If any communication infrastructure is installed in any commercial building, the owner needs to pay the local municipal corporation a licensing fee for it or remove the structure altogether, according to India's Communication and Connectivity Infrastructure Policy 2013.
In India, a dish antenna is classified as a communication infrastructure for which banks need to pay the MCG a license fee per ATM. Banks have repeatedly been served notices to pay the fees over the last two months but have yet to respond, according to the report. The fee is Rs 5,000 (US $68) per ATM.
According to city officials, a file in connection with the commencement of sealing operations has been sent to MCG Commissioner Vinay Pratap Singh for approval.

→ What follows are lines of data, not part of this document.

lemma X_top_dotted_cup: "X_top \<odot> (iPP \<otimes> ((cQ \<otimes> iP) \<odot> \<eta>)) = iP \<otimes> cP"
proof -
  have "iPP \<otimes> ((cQ \<otimes> iP) \<odot> \<eta>) = iP \<otimes> (iP \<otimes> ((cQ \<otimes> iP) \<odot> \<eta>))"
    by (rule PP_tensor, (rule typing | simp)+)
  also have "iP \<otimes> ((cQ \<otimes> iP) \<odot> \<eta>) = (iP \<otimes> (cQ \<otimes> iP)) \<odot> (iP \<otimes> \<eta>)"
    by (rule id_tensor_comp, (rule typing | simp)+)
  finally have "X_top \<odot> (iPP \<otimes> ((cQ \<otimes> iP) \<odot> \<eta>))
      = X_top \<odot> (iP \<otimes> ((iP \<otimes> (cQ \<otimes> iP)) \<odot> (iP \<otimes> \<eta>)))" by simp
  also have "\<dots> = iP \<otimes> ((\<epsilon>' \<otimes> iP) \<odot> ((iP \<otimes> (cQ \<otimes> iP)) \<odot> (iP \<otimes> \<eta>)))"
    by (rule X_top_P_comp, (rule typing | simp)+)
  finally show ?thesis by (simp only: dotted_zigzag)
qed

lemma dotted_cap_X_bottom: "(iPP \<otimes> (\<epsilon> \<odot> (iQ \<otimes> cP))) \<odot> X_bottom = s \<odot> (iP \<otimes> cP)"
proof -
  have dist: "iPP \<otimes> (\<epsilon> \<odot> (iQ \<otimes> cP)) = (iPP \<otimes> \<epsilon>) \<odot> (idm [Pob, Pob, Qob] \<otimes> cP)"
    by (subst id_tensor_comp, (rule typing | simp)+, subst id_tensor_assoc, (rule typing | simp)+)
  have slide: "(idm [Pob, Pob, Qob] \<otimes> cP) \<odot> X_bottom = X_bottom \<odot> (iP \<otimes> cP)"
    by (rule disjoint_slide, (rule typing | simp)+)
  have "(iPP \<otimes> (\<epsilon> \<odot> (iQ \<otimes> cP))) \<odot> X_bottom = (iPP \<otimes> \<epsilon>) \<odot> (X_bottom \<odot> (iP \<otimes> cP))"
    unfolding dist slide[symmetric] by (rule comp_assoc[symmetric], (rule typing | simp)+)
  also have "\<dots> = s \<odot> (iP \<otimes> cP)"
    by (subst comp_assoc, (rule typing | simp)+, simp only: cap_X_bottom)
  finally show ?thesis .
qed

lemma sigma_X_bottom: "(iPP \<otimes> \<sigma>) \<odot> X_bottom = (s \<otimes> iPQ) \<odot> (iP \<otimes> X_low)"
proof -
  have slide: "(iPP \<otimes> \<sigma>) \<odot> (s \<otimes> iQP) = (s \<otimes> iPQ) \<odot> (iPP \<otimes> \<sigma>)"
    by (rule disjoint_slide, (rule typing | simp)+)
  have cups: "(iPP \<otimes> \<sigma>) \<odot> (iP \<otimes> (\<eta>' \<otimes> iP)) = iP \<otimes> X_low"
    by (subst PP_tensor_comp, (rule typing | simp)+, simp only: sigma_cup')
  have "(iPP \<otimes> \<sigma>) \<odot> X_bottom = ((iPP \<otimes> \<sigma>) \<odot> (s \<otimes> iQP)) \<odot> (iP \<otimes> (\<eta>' \<otimes> iP))"
    unfolding X_bottom_split by (rule comp_assoc, (rule typing | simp)+)
  also have "\<dots> = (s \<otimes> iPQ) \<odot> (iP \<otimes> X_low)"
    unfolding slide cups[symmetric] by (rule comp_assoc[symmetric], (rule typing | simp)+)
  finally show ?thesis .
qed

lemma X_top_sigma': "X_top \<odot> (iPP \<otimes> \<sigma>') = iP \<otimes> (X_cap \<odot> X_cross)"
  unfolding PP_tensor[OF par_\<sigma>'I[OF refl refl refl]]
  by (subst X_top_P_comp, (rule typing | simp)+, simp only: cap'_sigma')

lemma cupcap_term: "splice (\<eta> \<odot> \<epsilon>) = iPP"
proof -
  have "splice (\<eta> \<odot> \<epsilon>) = s \<odot> ((X_top \<odot> (iPP \<otimes> \<eta>)) \<odot> ((iPP \<otimes> \<epsilon>) \<odot> X_bottom))"
    by (rule splice_comp, (rule typing | simp)+)
  also have "\<dots> = s \<odot> s"
    by (simp only: X_top_cup cap_X_bottom, rule arg_cong, rule id_comp, (rule typing | simp)+)
  finally show ?thesis by (simp only: s_s)
qed

lemma dotted_term: "splice dotted_cupcap = (cP \<otimes> iP) \<odot> (iP \<otimes> cP)"
proof -
  let ?B = "iP \<otimes> cP"
  have "dotted_cupcap = ((cQ \<otimes> iP) \<odot> \<eta>) \<odot> (\<epsilon> \<odot> (iQ \<otimes> cP))"
    by (rule comp_assoc, (rule typing | simp)+)
  then have "splice dotted_cupcap
      = s \<odot> ((X_top \<odot> (iPP \<otimes> ((cQ \<otimes> iP) \<odot> \<eta>))) \<odot> ((iPP \<otimes> (\<epsilon> \<odot> (iQ \<otimes> cP))) \<odot> X_bottom))"
    by (simp only:) (rule splice_comp, (rule typing | simp)+)
  also have "\<dots> = s \<odot> (?B \<odot> (s \<odot> ?B))" by (simp only: X_top_dotted_cup dotted_cap_X_bottom)
  also have "\<dots> = (s \<odot> ?B) \<odot> (s \<odot> ?B)" by (rule comp_assoc, (rule typing | simp)+)
  also have "\<dots> = ((cP \<otimes> iP) \<odot> s) \<odot> (s \<odot> ?B)" by (simp only: cP_cross_right)
  also have "\<dots> = (cP \<otimes> iP) \<odot> (s \<odot> (s \<odot> ?B))" by (rule comp_assoc[symmetric], (rule typing | simp)+)
  also have "s \<odot> (s \<odot> ?B) = (s \<odot> s) \<odot> ?B" by (rule comp_assoc, (rule typing | simp)+)
  also have "\<dots> = ?B" unfolding s_s by (rule id_comp, (rule typing | simp)+)
  finally show ?thesis .
qed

"A meeting was conducted with MCG officials earlier this year where they had asked us for relevant contact details of all banks in the city for the licensing fee process. They had initially sought the same details from a national telecommunications company that provide dish antennas to all ATMs but hadn't received any response. On July 29, email addresses of all banks concerned in the city were shared with the MCG's planning branch for their perusal," Prahlad Rai Godara, lead district manager for Gurugram told the news outlet.
Godara said there are 537 bank branches in urban areas of the city that fall within MCG's jurisdiction and 1,489 ATMs in the Gurugram district.